Part II
By Hanny
April 13, 1860
Dear Diary
At the beginning tonight, I want to thank God for keeping all of us alive. We were so close. Well, at least one of us was. And thank God for keeping us all together. I don’t know how life here would have been looked like if Jimmy wasn’t here. I don’t know how life here would have been looked like if any of them weren’t here. All of us, together, makes a complete unit and it wouldn’t be the same if one of us was missing.
It all started the morning after Cody told us about Longley. We haven’t paid him much attention and we should have. Early in the morning Jimmy woke up, haunted by a bad dream. He rode out of the station, taking someone else’s run. Later that day, we were in town, picking up supplies, when that gunman Cody was talking about stepped into the store. Apparently he was looking for Jimmy. Longley said that Jimmy spooked his horse that morning, which made him have a mud-bath.
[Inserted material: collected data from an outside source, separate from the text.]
lemma AE_all_int_if_AE_0:
  assumes T: "T \<in> M \<rightarrow>\<^sub>M M" and T_preserving: "distr M M T = M"
    and P: "\<And>n. Measurable.pred M (P n)"
    and P_T: "\<And>n t. t \<in> space M \<Longrightarrow> P n (T t) \<longleftrightarrow> P (n + 1) t"
    and P_0: "AE t in M. P 0 t"
  shows "AE t in M. \<forall>n::int. P n t"
proof -
  have step: "(AE t in M. P n t) \<longleftrightarrow> (AE t in M. P (n + 1) t)" for n
  proof -
    have "(AE t in M. P n t) \<longleftrightarrow> (AE t in distr M M T. P n t)"
      by (subst T_preserving) (rule refl)
    also have "\<dots> \<longleftrightarrow> (AE t in M. P n (T t))"
      using P[of n] by (intro AE_distr_iff[OF T]) (simp add: pred_def)
    also have "\<dots> \<longleftrightarrow> (AE t in M. P (n + 1) t)"
      by (intro AE_cong) (simp add: P_T)
    finally show ?thesis .
  qed
  have "AE t in M. P n t" for n
  proof (induction n rule: int_induct[where k=0])
    case base
    show ?case by (rule P_0)
  next
    case (step1 i)
    then show ?case using step[of i] by simp
  next
    case (step2 i)
    then show ?case using step[of "i - 1"] by simp
  qed
  then show ?thesis by (simp add: AE_all_countable)
qed

lemma (in prob_space) AE_iff_if_AE_imp_and_prob_eq:
  assumes [measurable]: "Measurable.pred M P" "Measurable.pred M Q"
    and imp: "AE x in M. P x \<longrightarrow> Q x"
    and eq: "\<P>(x in M. P x) = \<P>(x in M. Q x)"
  shows "AE x in M. P x \<longleftrightarrow> Q x"
proof -
  have "\<P>(x in M. P x \<and> Q x) = \<P>(x in M. P x)"
    using imp by (intro prob_eq_AE) auto
  moreover have "\<P>(x in M. Q x) = \<P>(x in M. P x \<and> Q x) + \<P>(x in M. Q x \<and> \<not> P x)"
    by (subst finite_measure_Union[symmetric]) (auto intro!: arg_cong[where f=prob])
  ultimately have "\<P>(x in M. Q x \<and> \<not> P x) = 0"
    using eq by simp
  then have "AE x in M. \<not> (Q x \<and> \<not> P x)"
    by (subst (asm) prob_Collect_eq_0) auto
  with imp show ?thesis
    by eventually_elim blast
qed

context prob_space
begin

lemma distr_eq_if_AE_le_and_prob_eq:
  assumes T: "T \<in> M \<rightarrow>\<^sub>M M" and T_preserving: "distr M M T = M"
    and f[measurable]: "f \<in> M \<rightarrow>\<^sub>M S1" and g[measurable]: "g \<in> M \<rightarrow>\<^sub>M S1"
    and f_T: "\<And>t. t \<in> space M \<Longrightarrow> f (T t) = shift (f t)"
    and g_T: "\<And>t. t \<in> space M \<Longrightarrow> g (T t) = shift (g t)"
    and le: "AE t in M. \<forall>n. f t n \<le> g t n"
    and eq: "\<P>(t in M. f t 0) = \<P>(t in M. g t 0)"
  shows "distr M S1 f = distr M S1 g"
proof -
  have "AE t in M. f t 0 \<longleftrightarrow> g t 0"
    using le eq by (intro AE_iff_if_AE_imp_and_prob_eq) (auto simp: le_bool_def)
  then have "AE t in M. \<forall>n. f t n = g t n"
    using AE_all_int_if_AE_0[where P = "\<lambda>n t. f t n = g t n", OF T T_preserving]
    by (simp add: f_T g_T shift_def)
  then have "AE t in M. f t = g t"
    by (simp add: fun_eq_iff)
  then show ?thesis
    by (intro distr_cong_AE) auto
qed

end

lemma cylinder_in_sets_S1[measurable]: "{x. x n = b} \<in> sets S1"
  using measurable_sets[OF measurable_S1_component, of "{b}"] by (simp add: vimage_def)

lemma cyl0_distr:
  assumes "f \<in> M \<rightarrow>\<^sub>M S1"
  shows "cyl0 (distr M S1 f) b = measure M {t \<in> space M. f t 0 = b}"
  using assms unfolding cyl0_def
  by (subst measure_distr) (auto intro!: arg_cong[where f="measure M"])

lemma cyl0_False:
  assumes "prob_space \<mu>" "sets \<mu> = sets S1"
  shows "cyl0 \<mu> False = 1 - cyl0 \<mu> True"
proof -
  interpret prob_space \<mu> by fact
  have "{x \<in> space \<mu>. x 0} \<in> events"
    using cylinder_in_sets_S1[of 0 True] assms(2) sets_eq_imp_space_eq[OF assms(2)] by simp
  then show ?thesis
    using prob_neg[of "\<lambda>x. x 0"] sets_eq_imp_space_eq[OF assms(2)] by (simp add: cyl0_def)
qed

lemma inv_measuresD:
  assumes "\<mu> \<in> inv_measures S T"
  shows "sets \<mu> = sets S" "prob_space \<mu>" "distr \<mu> \<mu> T = \<mu>"
  using assms by (auto simp: inv_measures_def)

lemma space_inv_measures:
  "\<mu> \<in> inv_measures S T \<Longrightarrow> space \<mu> = space S"
  by (rule sets_eq_imp_space_eq[OF inv_measuresD(1)])

lemma measurable_inv_measures:
  "\<mu> \<in> inv_measures S T \<Longrightarrow> f \<in> S \<rightarrow>\<^sub>M N \<Longrightarrow> f \<in> \<mu> \<rightarrow>\<^sub>M N"
  by (simp only: measurable_cong_sets[OF inv_measuresD(1) refl])

lemma measurable_inv_measures_self:
  "\<mu> \<in> inv_measures S T \<Longrightarrow> T \<in> S \<rightarrow>\<^sub>M S \<Longrightarrow> T \<in> \<mu> \<rightarrow>\<^sub>M \<mu>"
  by (simp only: measurable_cong_sets[OF inv_measuresD(1) inv_measuresD(1)])

lemma inv_measures_distr:
  assumes \<mu>: "\<mu> \<in> inv_measures M T"
    and [measurable]: "f \<in> M \<rightarrow>\<^sub>M N" "T \<in> M \<rightarrow>\<^sub>M M" "T' \<in> N \<rightarrow>\<^sub>M N"
    and intertwine: "\<And>x. x \<in> space M \<Longrightarrow> T' (f x) = f (T x)"
  shows "distr \<mu> N f \<in> inv_measures N T'"
proof -
  note \<mu>_inv = inv_measuresD[OF \<mu>]
  have f_\<mu>: "f \<in> \<mu> \<rightarrow>\<^sub>M N"
    using \<mu> \<open>f \<in> M \<rightarrow>\<^sub>M N\<close> by (rule measurable_inv_measures)
  have T_\<mu>: "T \<in> \<mu> \<rightarrow>\<^sub>M \<mu>"
    using \<mu> \<open>T \<in> M \<rightarrow>\<^sub>M M\<close> by (rule measurable_inv_measures_self)
  have "distr (distr \<mu> N f) (distr \<mu> N f) T' = distr (distr \<mu> N f) N T'"
    by (rule distr_cong) auto
  also have "\<dots> = distr \<mu> N (T' \<circ> f)"
    by (rule distr_distr) (simp_all add: f_\<mu>)
  also have "\<dots> = distr \<mu> N (f \<circ> T)"
    using space_inv_measures[OF \<mu>] by (intro distr_cong) (simp_all add: intertwine)
  also have "\<dots> = distr (distr \<mu> \<mu> T) N f"
    by (rule distr_distr[symmetric, OF f_\<mu> T_\<mu>])
  also have "\<dots> = distr \<mu> N f"
    by (simp only: \<mu>_inv(3))
  finally have "distr (distr \<mu> N f) (distr \<mu> N f) T' = distr \<mu> N f" .
  moreover have "prob_space (distr \<mu> N f)"
    by (rule prob_space.prob_space_distr[OF \<mu>_inv(2) f_\<mu>])
  ultimately show ?thesis
    by (simp add: inv_measures_def)
qed

lemma MX_lift:
  assumes "pre_base X \<rho>" and "\<mu> \<in> MX X"
  obtains L where "L \<in> inv_measures S3 shift3" "distr L S2 pi12 = \<rho>" "\<mu> = distr L S1 Nmap"
  using assms by (auto simp: pre_base_def)

lemma MX_prob_space: "\<mu> \<in> MX X \<Longrightarrow> prob_space \<mu>" and sets_MX: "\<mu> \<in> MX X \<Longrightarrow> sets \<mu> = sets S1"
  by (auto simp: MX_def inv_measures_def)
lemma null_sets_translated_span_lowdim:
  fixes W :: "'a::euclidean_space set"
  assumes "finite W" "card W < DIM('a)"
  shows "(+) c ` span W \<in> null_sets lborel"
proof -
  have "dim (span W) < DIM('a)" using dim_le_card[of "span W" W] assms by simp
  then have "negligible ((+) c ` span W)" by (intro negligible_translation negligible_lowdim)
  then have "(+) c ` span W \<in> null_sets lebesgue" by (simp add: negligible_iff_null_sets)
  moreover have "closed ((+) c ` span W)" by (intro closed_translation closed_subspace subspace_span)
  then have "(+) c ` span W \<in> sets lborel" by (simp add: borel_closed)
  ultimately show ?thesis using null_sets_completion_iff by blast
qed

lemma null_sets_PiM_insert_if_sections_null:
  assumes M: "product_sigma_finite M" and V: "finite V" "v \<notin> V"
    and Y: "Y \<in> sets (PiM (insert v V) M)"
    and sections: "\<And>x. \<exists>T\<in>null_sets (M v). \<forall>y. x(v := y) \<in> Y \<longrightarrow> y \<in> T"
  shows "Y \<in> null_sets (PiM (insert v V) M)"
proof -
  have "emeasure (PiM (insert v V) M) Y = (\<integral>\<^sup>+ p. indicator Y p \<partial>PiM (insert v V) M)"
    using Y by simp
  also have "\<dots> = (\<integral>\<^sup>+ x. \<integral>\<^sup>+ y. indicator Y (x(v := y)) \<partial>M v \<partial>PiM V M)"
    using Y by (intro product_sigma_finite.product_nn_integral_insert[OF M V]) simp
  also have "\<dots> = (\<integral>\<^sup>+ x. 0 \<partial>PiM V M)"
  proof (intro nn_integral_cong antisym)
    fix x
    obtain T where T: "T \<in> null_sets (M v)" "\<forall>y. x(v := y) \<in> Y \<longrightarrow> y \<in> T"
      using sections by blast
    have "(\<integral>\<^sup>+ y. indicator Y (x(v := y)) \<partial>M v) \<le> (\<integral>\<^sup>+ y. indicator T y \<partial>M v)"
      using T(2) by (intro nn_integral_mono) (auto simp: indicator_def)
    also have "\<dots> = 0" using T(1) by (simp add: nn_integral_indicator null_sets_def)
    finally show "(\<integral>\<^sup>+ y. indicator Y (x(v := y)) \<partial>M v) \<le> 0" .
  qed simp
  finally have "emeasure (PiM (insert v V) M) Y = 0" by simp
  then show ?thesis using Y by (rule null_setsI)
qed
He demanded that Jimmy apologize to him. Jimmy, being the hot-head that he is, wouldn’t, in spite of Cody’s persuasions that he should say sorry and forget the whole thing. Longley then insulted Jimmy’s mother which made Jimmy really angry.
Longley called Jimmy out and if it wasn’t for the Kid’s quick reaction, Jimmy, probably, wouldn’t be here with us today. Kid knocked him out and tied him up. When Jimmy woke up at the station he started fighting the Kid for hitting him. When he wouldn’t let go of the Kid, even after Teaspoon doused them with water and Emma stepped in, Teaspoon dragged Jimmy to the hothouse.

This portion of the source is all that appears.